El Distrito y el Gobierno nacional avanzan en un plan coordinado para devolverle vida asistencial al San Juan de Dios, con habilitación progresiva de servicios y una apuesta por preservar su valor patrimonial. La ruta contempla fases técnicas, financieras y administrativas que buscan abrir puertas en los próximos meses, garantizando calidad, seguridad y sostenibilidad.
Un legado que vuelve a latir y una ciudad que lo reclama
El Hospital San Juan de Dios, emblema de la atención médica y del servicio público en Colombia, ha representado durante décadas un punto de referencia arquitectónico, cultural y sanitario. Su clausura generó un profundo vacío emocional y asistencial en amplios sectores de Bogotá, en especial entre las comunidades de menores recursos que recibían allí atención inmediata. En la actualidad, el Gobierno y el Distrito buscan dejar atrás la mera formulación de diagnósticos y avanzar hacia medidas concretas: impulsar una reapertura progresiva que articule la recuperación del patrimonio con la reactivación de servicios fundamentales.

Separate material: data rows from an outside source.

lemma class_K_exists_small:
  assumes f: "class_K f" and "0 < \<epsilon>"
  shows "\<exists>\<delta>>0. f \<delta> \<le> \<epsilon>"
proof -
  have "(f \<longlongrightarrow> 0) (at 0 within {0..})"
    using f unfolding class_K_def continuous_on_def by (metis atLeast_iff order_refl)
  then have "\<forall>\<^sub>F \<delta> in at 0 within {0..}. f \<delta> < \<epsilon>"
    using assms(2) by (rule order_tendstoD)
  then obtain d where "0 < d" and d: "\<And>\<delta>. \<delta> \<in> {0..} \<Longrightarrow> \<delta> \<noteq> 0 \<Longrightarrow> dist \<delta> 0 < d \<Longrightarrow> f \<delta> < \<epsilon>"
    unfolding eventually_at by blast
  then have "f (d / 2) < \<epsilon>" by (intro d) auto
  then show ?thesis using \<open>0 < d\<close> by (intro exI[of _ "d / 2"]) auto
qed

section \<open>Piecewise linear interpolation\<close>

text \<open>The piecewise linear interpolant of a sequence, written as a telescoping sum of clamped
  ramps so that continuity is immediate.\<close>

definition pl_interp :: "(nat \<Rightarrow> real) \<Rightarrow> real \<Rightarrow> real" where
  "pl_interp a t = a (nat \<lceil>t\<rceil>) + (\<Sum>n<nat \<lceil>t\<rceil>. (a n - a (Suc n)) * max 0 (min 1 (real n + 1 - t)))"

lemma pl_interp_eq_sum:
  assumes "t \<le> real M"
  shows "pl_interp a t = a M + (\<Sum>n<M. (a n - a (Suc n)) * max 0 (min 1 (real n + 1 - t)))"
proof -
  define N where "N = nat \<lceil>t\<rceil>"
  have "N \<le> M" using assms unfolding N_def by linarith
  have "t \<le> real N" unfolding N_def by linarith
  have "pl_interp a t = a (N + k) + (\<Sum>n<N + k. (a n - a (Suc n)) * max 0 (min 1 (real n + 1 - t)))" for k
  proof (induction k)
    case 0
    then show ?case by (simp add: pl_interp_def N_def)
  next
    case (Suc k)
    have "max 0 (min 1 (real (N + k) + 1 - t)) = 1" using \<open>t \<le> real N\<close> by simp
    then show ?case using Suc by simp
  qed
  from this[of "M - N"] \<open>N \<le> M\<close> show ?thesis by simp
qed

lemma pl_interp_segment:
  assumes "real k \<le> t" "t \<le> real k + 1"
  shows "pl_interp a t = (real k + 1 - t) * a k + (t - real k) * a (Suc k)"
proof -
  have "(\<Sum>n<k. (a n - a (Suc n)) * max 0 (min 1 (real n + 1 - t))) = 0"
    using assms by (intro sum.neutral) auto
  then show ?thesis
    using pl_interp_eq_sum[of t "Suc k" a] assms by (simp add: algebra_simps)
qed

lemma pl_interp_of_nat: "pl_interp a (real n) = a n"
  using pl_interp_segment[of n "real n" a] by simp

lemma continuous_on_pl_interp: "continuous_on UNIV (pl_interp a)"
proof (rule continuous_at_imp_continuous_on, safe)
  fix t0 :: real
  define M where "M = Suc (nat \<lceil>t0\<rceil>)"
  have "continuous_on {..<real M} (\<lambda>t. a M + (\<Sum>n<M. (a n - a (Suc n)) * max 0 (min 1 (real n + 1 - t))))"
    by (intro continuous_intros)
  then have "continuous_on {..<real M} (pl_interp a)"
    by (rule continuous_on_cong[THEN iffD1, rotated 2]) (auto intro!: pl_interp_eq_sum[symmetric])
  moreover have "t0 < real M" unfolding M_def by linarith
  ultimately show "isCont (pl_interp a) t0"
    by (simp add: continuous_on_eq_continuous_at)
qed

lemma pl_interp_le_pl_interp:
  assumes "\<And>n. a n \<le> b n" "0 \<le> t"
  shows "pl_interp a t \<le> pl_interp b t"
proof -
  define k where "k = nat \<lfloor>t\<rfloor>"
  have k: "real k \<le> t" "t \<le> real k + 1" unfolding k_def using assms(2) by linarith+
  show ?thesis
    unfolding pl_interp_segment[OF k, of a] pl_interp_segment[OF k, of b]
    using k by (intro add_mono mult_left_mono assms(1)) auto
qed

lemma pl_interp_mono:
  assumes "incseq a" "s \<le> t"
  shows "pl_interp a s \<le> pl_interp a t"
proof -
  define M where "M = nat \<lceil>t\<rceil>"
  have M: "t \<le> real M" "s \<le> real M" unfolding M_def using assms(2) by linarith+
  show ?thesis
    unfolding pl_interp_eq_sum[OF M(1)] pl_interp_eq_sum[OF M(2)]
    using assms by (intro add_left_mono sum_mono mult_left_mono_neg max.mono min.mono)
      (auto simp: incseq_Suc_iff)
qed

lemma pl_interp_antimono:
  assumes "decseq a" "s \<le> t"
  shows "pl_interp a t \<le> pl_interp a s"
proof -
  define M where "M = nat \<lceil>t\<rceil>"
  have M: "t \<le> real M" "s \<le> real M" unfolding M_def using assms(2) by linarith+
  show ?thesis
    unfolding pl_interp_eq_sum[OF M(1)] pl_interp_eq_sum[OF M(2)]
    using assms by (intro add_left_mono sum_mono mult_left_mono max.mono min.mono)
      (auto simp: decseq_Suc_iff)
qed

locale decaying_grid =
  fixes W :: "nat \<Rightarrow> nat \<Rightarrow> real"
  assumes nonneg: "\<And>m n. 0 \<le> W m n"
    and mono_radius: "\<And>n. incseq (\<lambda>m. W m n)"
    and antimono_time: "\<And>m. decseq (W m)"
    and decay: "\<And>m. W m \<longlonglongrightarrow> 0"
begin

text \<open>The radius index is shifted by one so that \<open>interp r t\<close> dominates the grid value
  above \<open>(r, t)\<close>.\<close>

definition interp :: "real \<Rightarrow> real \<Rightarrow> real" where
  "interp r t = pl_interp (\<lambda>m. pl_interp (W (Suc m)) t) r"

lemma pl_interp_row_antimono: "s \<le> t \<Longrightarrow> pl_interp (W m) t \<le> pl_interp (W m) s"
  using antimono_time by (rule pl_interp_antimono)

lemma pl_interp_rows_incseq: "0 \<le> t \<Longrightarrow> incseq (\<lambda>m. pl_interp (W m) t)"
  using mono_radius by (auto simp: incseq_def intro!: pl_interp_le_pl_interp)

lemma interp_nonneg:
  assumes "0 \<le> r" "0 \<le> t"
  shows "0 \<le> interp r t"
proof -
  have "pl_interp (\<lambda>_. 0) t \<le> pl_interp (W m) t" for m
    using nonneg assms(2) by (intro pl_interp_le_pl_interp)
  then have "pl_interp (\<lambda>_. 0) r \<le> interp r t"
    unfolding interp_def using pl_interp_of_nat assms(1) by (intro pl_interp_le_pl_interp) (auto simp: pl_interp_def)
  then show ?thesis by (simp add: pl_interp_def)
qed

lemma interp_mono: "0 \<le> t \<Longrightarrow> r \<le> r' \<Longrightarrow> interp r t \<le> interp r' t"
  unfolding interp_def using pl_interp_rows_incseq
  by (intro pl_interp_mono) (auto simp: incseq_def)

lemma interp_antimono: "0 \<le> r \<Longrightarrow> s \<le> t \<Longrightarrow> interp r t \<le> interp r s"
  unfolding interp_def using pl_interp_row_antimono by (intro pl_interp_le_pl_interp)

lemma continuous_on_interp_radius: "continuous_on UNIV (\<lambda>r. interp r t)"
  unfolding interp_def using continuous_on_pl_interp by (simp add: fun_eq_iff)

La nueva hoja de ruta surge de mesas técnicas, visitas de campo y evaluaciones clínicas y de infraestructura que aterrizan en un cronograma realista. No se trata de abrir por abrir, sino de garantizar que cada área cumpla con normas de habilitación, protocolos de seguridad del paciente y criterios de bioseguridad. En paralelo, se prioriza la actualización de redes de servicios públicos, la adecuación de espacios críticos y la integración con la red hospitalaria del Distrito, para evitar duplicidades y asegurar continuidad de la atención.

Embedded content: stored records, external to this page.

(* Let $A$ be an eNTA. The language $\mathfrak L(A)$ is suffix-periodic: there exist $t_{per}>0$ and an integer $L>0$ with the following property. Suppose $$\lambda=(t_1,a_1),\dots,(t_{r-1},a_{r-1}),(t_r,a_r),(t_{r+1},a_{r+1}),\dots,(t_{r+m},a_{r+m})$$ is an observable timed trace in $\mathfrak L(A)$ with $t_r>t_{per}$, and let $K\in L\mathbb Z$ satisfy $t_r+K>t_{per}$. Then there exists an observable timed trace $\lambda'\in\mathfrak L(A)$ of the form $$\lambda'=(t_1',a_1'),\dots,(t_s',a_s'),(t_r+K,a_r),(t_{r+1}+K,a_{r+1}),\dots,(t_{r+m}+K,a_{r+m})$$ for some $s\ge0$, times $t_j'$ and actions $a_j'\in\Sigma$.
   Context: **Automata.** An eNTA (non-deterministic timed automaton with silent transitions) is a tuple $A=(\mathcal Q,q_0,\Sigma_\epsilon,\mathcal C,\mathcal T)$ with the following components. - $\mathcal Q$ is a finite set of locations and $q_0$ is the initial location. - $\Sigma$ is a finite set of observable actions, and $\Sigma_\epsilon=\Sigma\cup\{\epsilon\}$, where $\epsilon$ is silent. - $\mathcal C$ is a finite set of clocks. - $\mathcal T$ is a finite set of transitions $(q,a,g,\mathcal C_{rst},q')$ with $a\in\Sigma_\epsilon$, $\mathcal C_{rst}\subseteq\mathcal C$ the clocks reset, and guard $g$ a finite conjunction of constraints $c\sim n$, where $\sim\in\{<,\le,=,\ge,>\}$ and $n\in\mathbb N_0$. **Runs.** A run is a finite sequence $$(q_0,\mathbf 0)\xrightarrow{d_1}(q_0,d_1)\xrightarrow{\tau_1}(q_1,v_1)\xrightarrow{d_2}\cdots\xrightarrow{\tau_k}(q_k,v_k),$$ where $d_i\ge0$, $\tau_i=(q_{i-1},a_i,g_i,\mathcal C_i,q_i)\in\mathcal T$, $v_0=\mathbf 0$, $v_{i-1}+d_i\models g_i$, and $v_i$ equals $v_{i-1}+d_i$ with the clocks of $\mathcal C_i$ set to $0$. **Traces and language.** The timed trace of a run is $(t_1,a_1),\dots,(t_k,a_k)$ with $t_i=d_1+\dots+d_i$. The observable timed trace is obtained by deleting all pairs with $a_i=\epsilon$. The language $\mathfrak L(A)$ is the set of observable timed traces of all runs of $A$ (all locations are accepting). *)

theory Defs
  imports Main "HOL-Library.Library"
begin

datatype cmp = CLt | CLe | CEq | CGe | CGt

type_synonym 'c constr = "'c \<times> cmp \<times> nat"
type_synonym 'c guard = "'c constr list"

text \<open>A transition (q, a, g, C_rst, q'); the action None stands for the silent action epsilon.\<close>
type_synonym ('q,'a,'c) transition = "'q \<times> 'a option \<times> 'c guard \<times> 'c set \<times> 'q"

record ('q,'a,'c) enta =
  locs :: "'q set"
  init :: 'q
  sigma :: "'a set"
  clocks :: "'c set"
  trans :: "('q,'a,'c) transition set"

definition wf_enta :: "('q,'a,'c) enta \<Rightarrow> bool" where
  "wf_enta A \<longleftrightarrow> finite (locs A) \<and> init A \<in> locs A \<and> finite (sigma A) \<and>
     finite (clocks A) \<and> finite (trans A) \<and>
     (\<forall>(q,a,g,R,q') \<in> trans A. q \<in> locs A \<and> q' \<in> locs A \<and>
        (\<forall>b. a = Some b \<longrightarrow> b \<in> sigma A) \<and>
        (\<forall>(c,_,_) \<in> set g. c \<in> clocks A) \<and> R \<subseteq> clocks A)"

fun cmp_sat :: "cmp \<Rightarrow> real \<Rightarrow> real \<Rightarrow> bool" where
  "cmp_sat CLt x n = (x < n)"
| "cmp_sat CLe x n = (x \<le> n)"
| "cmp_sat CEq x n = (x = n)"
| "cmp_sat CGe x n = (x \<ge> n)"
| "cmp_sat CGt x n = (x > n)"

definition guard_sat :: "('c \<Rightarrow> real) \<Rightarrow> 'c guard \<Rightarrow> bool" where
  "guard_sat v g \<longleftrightarrow> (\<forall>(c,r,n) \<in> set g. cmp_sat r (v c) (real n))"

definition reset :: "('c \<Rightarrow> real) \<Rightarrow> 'c set \<Rightarrow> ('c \<Rightarrow> real)" where
  "reset v R = (\<lambda>c. if c \<in> R then 0 else v c)"

text \<open>A run is a list of pairs (d_i, tau_i) of delays and transitions, starting in (q, v).\<close>
fun run_from :: "('q,'a,'c) enta \<Rightarrow> 'q \<Rightarrow> ('c \<Rightarrow> real) \<Rightarrow> (real \<times> ('q,'a,'c) transition) list \<Rightarrow> bool" where
  "run_from A q v [] = True"
| "run_from A q v ((d, (p, a, g, R, p')) # rest) =
     (d \<ge> 0 \<and> (p, a, g, R, p') \<in> trans A \<and> p = q \<and>
      guard_sat (\<lambda>c. v c + d) g \<and>
      run_from A p' (reset (\<lambda>c. v c + d) R) rest)"

definition is_run :: "('q,'a,'c) enta \<Rightarrow> (real \<times> ('q,'a,'c) transition) list \<Rightarrow> bool" where
  "is_run A \<rho> \<longleftrightarrow> run_from A (init A) (\<lambda>_. 0) \<rho>"

fun timed_trace :: "real \<Rightarrow> (real \<times> ('q,'a,'c) transition) list \<Rightarrow> (real \<times> 'a option) list" where
  "timed_trace t [] = []"
| "timed_trace t ((d, (p, a, g, R, p')) # rest) = (t + d, a) # timed_trace (t + d) rest"

definition observable :: "(real \<times> 'a option) list \<Rightarrow> (real \<times> 'a) list" where
  "observable tr = map (\<lambda>(t, a). (t, the a)) (filter (\<lambda>(t, a). a \<noteq> None) tr)"

definition lang :: "('q,'a,'c) enta \<Rightarrow> (real \<times> 'a) list set" where
  "lang A = {observable (timed_trace 0 \<rho>) | \<rho>. is_run A \<rho>}"

end

theory Submission
  imports Defs
begin

text \<open>
  Abstract a configuration reached at an integer time to its region: the location, the integer
  parts of the clocks below the largest guard constant, and the order and vanishing of their
  fractional parts. There are finitely many regions, and the set of regions reachable at time
  n + 1 is determined by the set reachable at time n, so these sets are eventually periodic.
  Regions are fine enough for this because of time warps: a strictly increasing f with
  f (x + 1) = f x + 1 maps runs to runs (guards compare differences of times with integers), and
  two valuations in the same region are related by such a warp, which moreover fixes integer
  times. So if the suffix of a trace starts after the integer time n, then at any time n' in the
  same residue class modulo the period some configuration equivalent to the one at time n is
  reachable, and the suffix can be replayed from it, shifted by n' - n.
\<close>

fun run_end ::
  "'q \<Rightarrow> ('c \<Rightarrow> real) \<Rightarrow> (real \<times> ('q,'a,'c) transition) list \<Rightarrow> 'q \<times> ('c \<Rightarrow> real)"
where
  "run_end q v [] = (q, v)"
| "run_end q v ((d, (p, a, g, R, p')) # rest) = run_end p' (reset (\<lambda>c. v c + d) R) rest"

definition duration :: "(real \<times> ('q,'a,'c) transition) list \<Rightarrow> real" where
  "duration \<rho> = sum_list (map fst \<rho>)"

definition config_after ::
  "'q \<Rightarrow> ('c \<Rightarrow> real) \<Rightarrow> (real \<times> ('q,'a,'c) transition) list \<Rightarrow> real \<Rightarrow> 'q \<times> ('c \<Rightarrow> real)"
where
  "config_after q v \<rho> e = (fst (run_end q v \<rho>), \<lambda>c. snd (run_end q v \<rho>) c + e)"

lemma duration_simps [simp]:
  "duration [] = 0" "duration (x # \<rho>) = fst x + duration \<rho>"
  "duration (\<rho> @ \<rho>') = duration \<rho> + duration \<rho>'"
  by (simp_all add: duration_def)

lemma run_from_append:
  "run_from A q v (\<rho> @ \<rho>') \<longleftrightarrow>
    run_from A q v \<rho> \<and> run_from A (fst (run_end q v \<rho>)) (snd (run_end q v \<rho>)) \<rho>'"
  by (induction A q v \<rho> rule: run_from.induct) auto

lemma run_end_append:
  "run_end q v (\<rho> @ \<rho>') = run_end (fst (run_end q v \<rho>)) (snd (run_end q v \<rho>)) \<rho>'"
  by (induction q v \<rho> rule: run_end.induct) auto

lemma timed_trace_append:
  "timed_trace T (\<rho> @ \<rho>') = timed_trace T \<rho> @ timed_trace (T + duration \<rho>) \<rho>'"
  by (induction T \<rho> rule: timed_trace.induct) (auto simp: add.assoc)

lemma timed_trace_shift:
  "timed_trace (T + K) \<rho> = map (\<lambda>(t, a). (t + K, a)) (timed_trace T \<rho>)"
  by (induction T \<rho> rule: timed_trace.induct) (simp_all add: algebra_simps)

lemma observable_append: "observable (xs @ ys) = observable xs @ observable ys"
  by (simp add: observable_def)

lemma observable_shift:
  "observable (map (\<lambda>(t, a). (t + K, a)) xs) = map (\<lambda>(t, a). (t + K, a)) (observable xs)"
  by (induction xs) (auto simp: observable_def)

lemma run_from_duration_nonneg: "run_from A q v \<rho> \<Longrightarrow> duration \<rho> \<ge> 0"
  by (induction A q v \<rho> rule: run_from.induct) auto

El compromiso institucional se fundamenta en una lógica de corresponsabilidad: mientras el Gobierno nacional dirige los aspectos normativos, los esquemas de financiación y los lineamientos de habilitación, el Distrito se encarga de la operación, del talento humano y de coordinarse con los prestadores ya establecidos. Este funcionamiento conjunto pretende que el San Juan de Dios aporte capacidades justo donde son más requeridas, evitando generar desequilibrios en el resto del sistema.
Fases de reapertura con énfasis en urgencias, atención materno-infantil y cuidado primario
La ruta diseñada prioriza servicios con alto impacto social y rápido despliegue. En primer lugar, se proyecta la habilitación de un nodo de urgencias con triaje estructurado, observación y estabilización, enlazado con la red de ambulancias del Distrito y con los hospitales de referencia para traslados de alta complejidad. Este primer paso permitirá descongestionar picos de demanda en temporadas de alta circulación respiratoria o eventos masivos, a la vez que devuelve al complejo hospitalario su vocación de puerta de entrada al sistema.
En paralelo, se planifica la reactivación de consulta externa en medicina general y especialidades básicas —pediatría, ginecobstetricia, medicina interna— con enfoque de riesgo y coordinación estrecha con el primer nivel de atención. La meta es evitar que patologías controlables escalen a hospitalizaciones innecesarias, fortaleciendo la prevención y el seguimiento de enfermedades crónicas. En el frente materno-infantil, la idea es recuperar capacidad obstétrica segura, con salas de parto humanizado y enlace a unidades neonatales en la red si se requiere mayor complejidad.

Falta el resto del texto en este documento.